• What you will do
Wherever a line of the listing holds the string "measure", copy that line.

[Records to use — start]

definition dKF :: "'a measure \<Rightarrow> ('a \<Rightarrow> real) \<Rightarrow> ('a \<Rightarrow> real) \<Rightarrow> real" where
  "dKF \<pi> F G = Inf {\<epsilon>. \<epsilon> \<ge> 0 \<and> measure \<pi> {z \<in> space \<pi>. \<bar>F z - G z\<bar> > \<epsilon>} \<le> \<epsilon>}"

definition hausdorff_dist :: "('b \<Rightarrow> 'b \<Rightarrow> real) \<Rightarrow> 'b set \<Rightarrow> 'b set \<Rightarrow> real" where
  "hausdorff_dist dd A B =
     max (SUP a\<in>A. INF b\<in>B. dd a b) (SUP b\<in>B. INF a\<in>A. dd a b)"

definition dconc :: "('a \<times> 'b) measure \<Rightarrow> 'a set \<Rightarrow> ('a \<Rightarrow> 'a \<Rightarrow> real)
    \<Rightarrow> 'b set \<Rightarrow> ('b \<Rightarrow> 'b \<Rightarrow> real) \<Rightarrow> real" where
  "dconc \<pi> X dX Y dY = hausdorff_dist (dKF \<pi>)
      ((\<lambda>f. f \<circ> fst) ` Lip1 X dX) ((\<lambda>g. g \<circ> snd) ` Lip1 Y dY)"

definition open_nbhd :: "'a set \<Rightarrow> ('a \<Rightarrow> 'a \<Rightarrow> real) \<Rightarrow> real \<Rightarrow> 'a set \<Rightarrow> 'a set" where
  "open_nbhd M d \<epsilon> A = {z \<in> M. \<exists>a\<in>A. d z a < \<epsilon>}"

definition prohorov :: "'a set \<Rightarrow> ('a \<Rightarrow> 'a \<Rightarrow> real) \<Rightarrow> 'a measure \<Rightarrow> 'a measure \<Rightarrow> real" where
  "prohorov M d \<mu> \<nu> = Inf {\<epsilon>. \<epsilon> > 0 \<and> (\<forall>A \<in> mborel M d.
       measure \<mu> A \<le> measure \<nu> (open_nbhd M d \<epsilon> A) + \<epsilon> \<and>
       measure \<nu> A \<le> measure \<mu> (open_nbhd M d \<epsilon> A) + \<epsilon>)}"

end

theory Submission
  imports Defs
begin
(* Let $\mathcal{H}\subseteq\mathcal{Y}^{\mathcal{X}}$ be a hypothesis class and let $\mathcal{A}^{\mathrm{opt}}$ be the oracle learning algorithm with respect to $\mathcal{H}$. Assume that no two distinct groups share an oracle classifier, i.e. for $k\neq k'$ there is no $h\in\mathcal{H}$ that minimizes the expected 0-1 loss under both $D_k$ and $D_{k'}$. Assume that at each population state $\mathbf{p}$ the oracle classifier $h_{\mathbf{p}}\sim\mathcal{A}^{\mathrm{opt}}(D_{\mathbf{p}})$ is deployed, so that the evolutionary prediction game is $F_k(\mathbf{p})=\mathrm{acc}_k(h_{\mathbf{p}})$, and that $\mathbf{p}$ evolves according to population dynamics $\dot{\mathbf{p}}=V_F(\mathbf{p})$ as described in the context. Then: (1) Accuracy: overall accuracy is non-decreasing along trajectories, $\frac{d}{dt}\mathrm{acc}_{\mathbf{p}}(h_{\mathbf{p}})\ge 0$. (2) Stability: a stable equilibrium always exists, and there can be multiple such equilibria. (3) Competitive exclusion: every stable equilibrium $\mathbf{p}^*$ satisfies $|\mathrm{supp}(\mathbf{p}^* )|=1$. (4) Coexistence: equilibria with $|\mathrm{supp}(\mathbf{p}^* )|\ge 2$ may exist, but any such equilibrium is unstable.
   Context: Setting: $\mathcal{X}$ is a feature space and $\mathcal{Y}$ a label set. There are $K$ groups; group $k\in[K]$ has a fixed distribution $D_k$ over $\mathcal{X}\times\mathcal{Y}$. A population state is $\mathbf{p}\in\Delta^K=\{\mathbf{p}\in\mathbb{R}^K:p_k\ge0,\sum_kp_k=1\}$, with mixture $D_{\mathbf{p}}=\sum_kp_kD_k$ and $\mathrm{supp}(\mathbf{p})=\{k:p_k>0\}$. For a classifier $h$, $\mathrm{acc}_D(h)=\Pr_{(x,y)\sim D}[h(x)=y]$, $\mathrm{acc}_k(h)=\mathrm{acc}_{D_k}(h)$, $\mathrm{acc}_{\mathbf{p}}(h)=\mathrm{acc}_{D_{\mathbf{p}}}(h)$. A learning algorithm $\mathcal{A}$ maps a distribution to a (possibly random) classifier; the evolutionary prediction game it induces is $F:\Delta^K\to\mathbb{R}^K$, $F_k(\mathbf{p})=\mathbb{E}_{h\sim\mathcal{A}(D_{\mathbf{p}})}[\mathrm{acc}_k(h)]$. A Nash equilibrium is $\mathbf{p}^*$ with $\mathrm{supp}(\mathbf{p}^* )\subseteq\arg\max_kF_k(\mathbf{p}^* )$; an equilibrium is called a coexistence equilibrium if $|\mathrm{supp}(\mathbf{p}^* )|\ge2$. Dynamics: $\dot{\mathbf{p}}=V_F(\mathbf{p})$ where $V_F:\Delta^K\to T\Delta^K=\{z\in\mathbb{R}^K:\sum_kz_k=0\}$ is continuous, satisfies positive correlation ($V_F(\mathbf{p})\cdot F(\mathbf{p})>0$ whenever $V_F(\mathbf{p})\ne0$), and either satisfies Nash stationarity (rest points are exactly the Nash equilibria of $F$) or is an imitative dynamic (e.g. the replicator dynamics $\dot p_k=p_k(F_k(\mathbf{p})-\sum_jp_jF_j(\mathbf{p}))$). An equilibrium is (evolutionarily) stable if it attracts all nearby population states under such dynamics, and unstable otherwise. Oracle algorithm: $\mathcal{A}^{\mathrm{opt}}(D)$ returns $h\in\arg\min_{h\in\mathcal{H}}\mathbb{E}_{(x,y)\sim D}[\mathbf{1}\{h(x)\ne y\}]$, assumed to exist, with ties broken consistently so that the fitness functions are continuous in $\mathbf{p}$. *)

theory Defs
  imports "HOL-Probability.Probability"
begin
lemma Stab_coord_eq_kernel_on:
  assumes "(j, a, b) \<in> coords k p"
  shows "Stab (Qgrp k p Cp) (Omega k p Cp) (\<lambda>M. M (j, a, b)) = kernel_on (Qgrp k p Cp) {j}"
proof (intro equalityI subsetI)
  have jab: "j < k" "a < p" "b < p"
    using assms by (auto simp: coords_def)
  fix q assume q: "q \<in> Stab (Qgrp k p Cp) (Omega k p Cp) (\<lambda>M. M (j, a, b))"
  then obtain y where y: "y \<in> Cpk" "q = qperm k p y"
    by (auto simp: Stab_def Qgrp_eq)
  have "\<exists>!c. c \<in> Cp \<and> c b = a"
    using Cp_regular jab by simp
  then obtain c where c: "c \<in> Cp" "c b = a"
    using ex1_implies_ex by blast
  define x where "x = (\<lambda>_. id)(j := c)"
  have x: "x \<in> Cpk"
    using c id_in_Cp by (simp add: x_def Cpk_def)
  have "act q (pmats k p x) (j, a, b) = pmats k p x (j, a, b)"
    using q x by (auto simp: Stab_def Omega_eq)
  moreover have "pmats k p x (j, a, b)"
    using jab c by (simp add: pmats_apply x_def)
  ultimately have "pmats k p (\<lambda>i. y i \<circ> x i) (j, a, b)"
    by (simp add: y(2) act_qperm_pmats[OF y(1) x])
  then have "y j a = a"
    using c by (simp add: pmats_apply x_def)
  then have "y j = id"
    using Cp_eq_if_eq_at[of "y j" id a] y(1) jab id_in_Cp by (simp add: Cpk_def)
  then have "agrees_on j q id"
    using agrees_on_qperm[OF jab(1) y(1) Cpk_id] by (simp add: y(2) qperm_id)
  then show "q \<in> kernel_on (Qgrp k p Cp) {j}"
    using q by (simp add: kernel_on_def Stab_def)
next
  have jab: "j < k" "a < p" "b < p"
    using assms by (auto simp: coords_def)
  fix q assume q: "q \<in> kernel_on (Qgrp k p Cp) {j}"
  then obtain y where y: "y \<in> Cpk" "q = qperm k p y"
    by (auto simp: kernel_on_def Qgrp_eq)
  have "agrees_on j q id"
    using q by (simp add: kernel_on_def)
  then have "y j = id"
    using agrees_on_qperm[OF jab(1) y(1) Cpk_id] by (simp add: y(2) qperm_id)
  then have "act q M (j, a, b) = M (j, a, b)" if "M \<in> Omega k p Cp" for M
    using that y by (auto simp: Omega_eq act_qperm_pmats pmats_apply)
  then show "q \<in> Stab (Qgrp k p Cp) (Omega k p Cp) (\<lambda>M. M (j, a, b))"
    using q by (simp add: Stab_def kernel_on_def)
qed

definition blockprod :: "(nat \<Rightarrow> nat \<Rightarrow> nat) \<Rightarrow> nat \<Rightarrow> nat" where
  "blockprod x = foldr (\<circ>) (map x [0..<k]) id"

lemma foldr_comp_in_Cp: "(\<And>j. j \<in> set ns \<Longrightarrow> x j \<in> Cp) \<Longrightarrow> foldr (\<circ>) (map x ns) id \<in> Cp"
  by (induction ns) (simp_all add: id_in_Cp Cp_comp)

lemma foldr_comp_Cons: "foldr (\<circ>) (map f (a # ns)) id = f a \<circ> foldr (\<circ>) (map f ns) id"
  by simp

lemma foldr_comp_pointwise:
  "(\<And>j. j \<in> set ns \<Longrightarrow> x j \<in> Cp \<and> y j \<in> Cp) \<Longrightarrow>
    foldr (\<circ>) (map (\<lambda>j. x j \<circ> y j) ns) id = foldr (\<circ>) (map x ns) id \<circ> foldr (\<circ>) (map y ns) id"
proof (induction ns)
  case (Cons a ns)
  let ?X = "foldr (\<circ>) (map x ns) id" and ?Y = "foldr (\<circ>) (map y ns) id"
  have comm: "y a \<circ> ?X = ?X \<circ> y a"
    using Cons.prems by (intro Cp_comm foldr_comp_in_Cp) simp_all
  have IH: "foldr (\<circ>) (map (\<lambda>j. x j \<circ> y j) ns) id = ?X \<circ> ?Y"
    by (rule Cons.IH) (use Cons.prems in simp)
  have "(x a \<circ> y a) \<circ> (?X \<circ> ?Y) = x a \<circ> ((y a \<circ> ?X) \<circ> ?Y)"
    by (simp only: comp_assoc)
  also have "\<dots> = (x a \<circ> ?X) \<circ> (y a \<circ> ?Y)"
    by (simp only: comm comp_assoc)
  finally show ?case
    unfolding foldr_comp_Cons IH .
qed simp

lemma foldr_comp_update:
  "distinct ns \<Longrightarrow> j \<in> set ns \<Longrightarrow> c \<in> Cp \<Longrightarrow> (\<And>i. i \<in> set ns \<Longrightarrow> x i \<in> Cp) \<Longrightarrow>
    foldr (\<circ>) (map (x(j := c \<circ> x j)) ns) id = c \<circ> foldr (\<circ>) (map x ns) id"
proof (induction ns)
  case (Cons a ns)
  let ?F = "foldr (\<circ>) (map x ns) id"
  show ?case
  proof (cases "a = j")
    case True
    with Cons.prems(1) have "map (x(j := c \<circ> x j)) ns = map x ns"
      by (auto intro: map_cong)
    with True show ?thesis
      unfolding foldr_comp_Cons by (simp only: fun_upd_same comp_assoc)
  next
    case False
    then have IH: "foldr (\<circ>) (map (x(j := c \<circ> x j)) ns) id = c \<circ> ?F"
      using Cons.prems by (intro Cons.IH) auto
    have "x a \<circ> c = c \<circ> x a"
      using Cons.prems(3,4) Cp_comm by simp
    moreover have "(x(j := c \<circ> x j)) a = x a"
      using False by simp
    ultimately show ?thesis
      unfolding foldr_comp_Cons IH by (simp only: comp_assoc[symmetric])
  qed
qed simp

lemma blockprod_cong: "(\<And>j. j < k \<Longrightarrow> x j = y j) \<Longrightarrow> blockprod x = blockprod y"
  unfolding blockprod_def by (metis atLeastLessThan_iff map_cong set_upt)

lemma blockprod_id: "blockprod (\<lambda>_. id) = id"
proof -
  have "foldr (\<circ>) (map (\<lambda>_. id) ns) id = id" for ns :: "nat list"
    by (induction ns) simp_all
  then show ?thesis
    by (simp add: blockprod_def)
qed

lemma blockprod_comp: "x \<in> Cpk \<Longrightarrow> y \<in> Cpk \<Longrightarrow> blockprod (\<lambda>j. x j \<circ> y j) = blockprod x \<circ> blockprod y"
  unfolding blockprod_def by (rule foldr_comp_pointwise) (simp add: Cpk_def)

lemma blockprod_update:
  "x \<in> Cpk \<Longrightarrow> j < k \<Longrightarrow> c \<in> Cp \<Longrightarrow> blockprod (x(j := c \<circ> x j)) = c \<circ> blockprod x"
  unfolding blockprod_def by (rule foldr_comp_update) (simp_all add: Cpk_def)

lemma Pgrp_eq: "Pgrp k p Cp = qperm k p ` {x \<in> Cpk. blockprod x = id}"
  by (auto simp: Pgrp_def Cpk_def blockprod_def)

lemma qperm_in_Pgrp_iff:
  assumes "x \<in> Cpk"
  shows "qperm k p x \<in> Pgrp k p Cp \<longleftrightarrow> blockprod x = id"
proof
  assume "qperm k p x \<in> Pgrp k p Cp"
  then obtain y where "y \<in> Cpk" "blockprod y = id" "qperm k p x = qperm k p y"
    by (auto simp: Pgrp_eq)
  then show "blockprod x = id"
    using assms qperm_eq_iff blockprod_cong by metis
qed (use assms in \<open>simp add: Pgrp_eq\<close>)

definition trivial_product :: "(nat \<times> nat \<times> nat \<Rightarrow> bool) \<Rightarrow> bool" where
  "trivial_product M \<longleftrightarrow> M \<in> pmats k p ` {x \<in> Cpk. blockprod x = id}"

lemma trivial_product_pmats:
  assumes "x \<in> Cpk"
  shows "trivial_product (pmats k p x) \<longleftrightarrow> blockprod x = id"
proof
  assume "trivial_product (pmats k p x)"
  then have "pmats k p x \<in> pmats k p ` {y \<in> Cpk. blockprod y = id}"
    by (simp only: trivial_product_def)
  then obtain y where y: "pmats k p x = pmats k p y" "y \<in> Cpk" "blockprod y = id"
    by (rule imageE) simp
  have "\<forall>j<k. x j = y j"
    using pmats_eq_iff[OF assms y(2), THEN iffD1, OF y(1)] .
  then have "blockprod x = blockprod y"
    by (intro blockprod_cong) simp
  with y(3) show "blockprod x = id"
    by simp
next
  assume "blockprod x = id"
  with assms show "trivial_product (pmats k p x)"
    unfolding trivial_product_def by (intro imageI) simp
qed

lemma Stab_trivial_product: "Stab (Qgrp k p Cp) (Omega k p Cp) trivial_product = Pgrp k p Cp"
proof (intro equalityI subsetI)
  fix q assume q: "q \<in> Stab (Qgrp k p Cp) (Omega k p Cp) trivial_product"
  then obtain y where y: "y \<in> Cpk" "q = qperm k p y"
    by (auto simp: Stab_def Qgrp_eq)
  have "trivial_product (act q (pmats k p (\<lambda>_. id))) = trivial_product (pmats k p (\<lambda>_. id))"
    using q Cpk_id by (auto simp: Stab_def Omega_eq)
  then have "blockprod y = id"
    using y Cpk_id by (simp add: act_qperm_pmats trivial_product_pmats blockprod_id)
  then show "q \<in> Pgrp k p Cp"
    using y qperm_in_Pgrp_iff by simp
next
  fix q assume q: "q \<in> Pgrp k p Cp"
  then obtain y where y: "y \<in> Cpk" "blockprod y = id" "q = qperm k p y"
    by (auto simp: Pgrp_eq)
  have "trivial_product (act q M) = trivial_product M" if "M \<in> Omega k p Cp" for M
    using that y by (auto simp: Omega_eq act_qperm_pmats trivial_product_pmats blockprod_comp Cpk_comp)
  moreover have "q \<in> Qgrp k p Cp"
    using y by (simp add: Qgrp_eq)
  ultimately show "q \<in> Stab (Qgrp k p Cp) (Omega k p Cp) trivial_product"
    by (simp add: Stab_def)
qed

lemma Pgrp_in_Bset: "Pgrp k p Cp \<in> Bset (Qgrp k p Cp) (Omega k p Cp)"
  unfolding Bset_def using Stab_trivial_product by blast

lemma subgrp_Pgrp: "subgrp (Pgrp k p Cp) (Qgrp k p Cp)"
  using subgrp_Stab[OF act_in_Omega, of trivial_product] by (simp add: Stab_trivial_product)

[Records to use — finish]

• Answer
definition dKF :: "'a measure \<Rightarrow> ('a \<Rightarrow> real) \<Rightarrow> ('a \<Rightarrow> real) \<Rightarrow> real" where
  "dKF \<pi> F G = Inf {\<epsilon>. \<epsilon> \<ge> 0 \<and> measure \<pi> {z \<in> space \<pi>. \<bar>F z - G z\<bar> > \<epsilon>} \<le> \<epsilon>}"
definition dconc :: "('a \<times> 'b) measure \<Rightarrow> 'a set \<Rightarrow> ('a \<Rightarrow> 'a \<Rightarrow> real)
definition prohorov :: "'a set \<Rightarrow> ('a \<Rightarrow> 'a \<Rightarrow> real) \<Rightarrow> 'a measure \<Rightarrow> 'a measure \<Rightarrow> real" where
       measure \<mu> A \<le> measure \<nu> (open_nbhd M d \<epsilon> A) + \<epsilon> \<and>
       measure \<nu> A \<le> measure \<mu> (open_nbhd M d \<epsilon> A) + \<epsilon>)}"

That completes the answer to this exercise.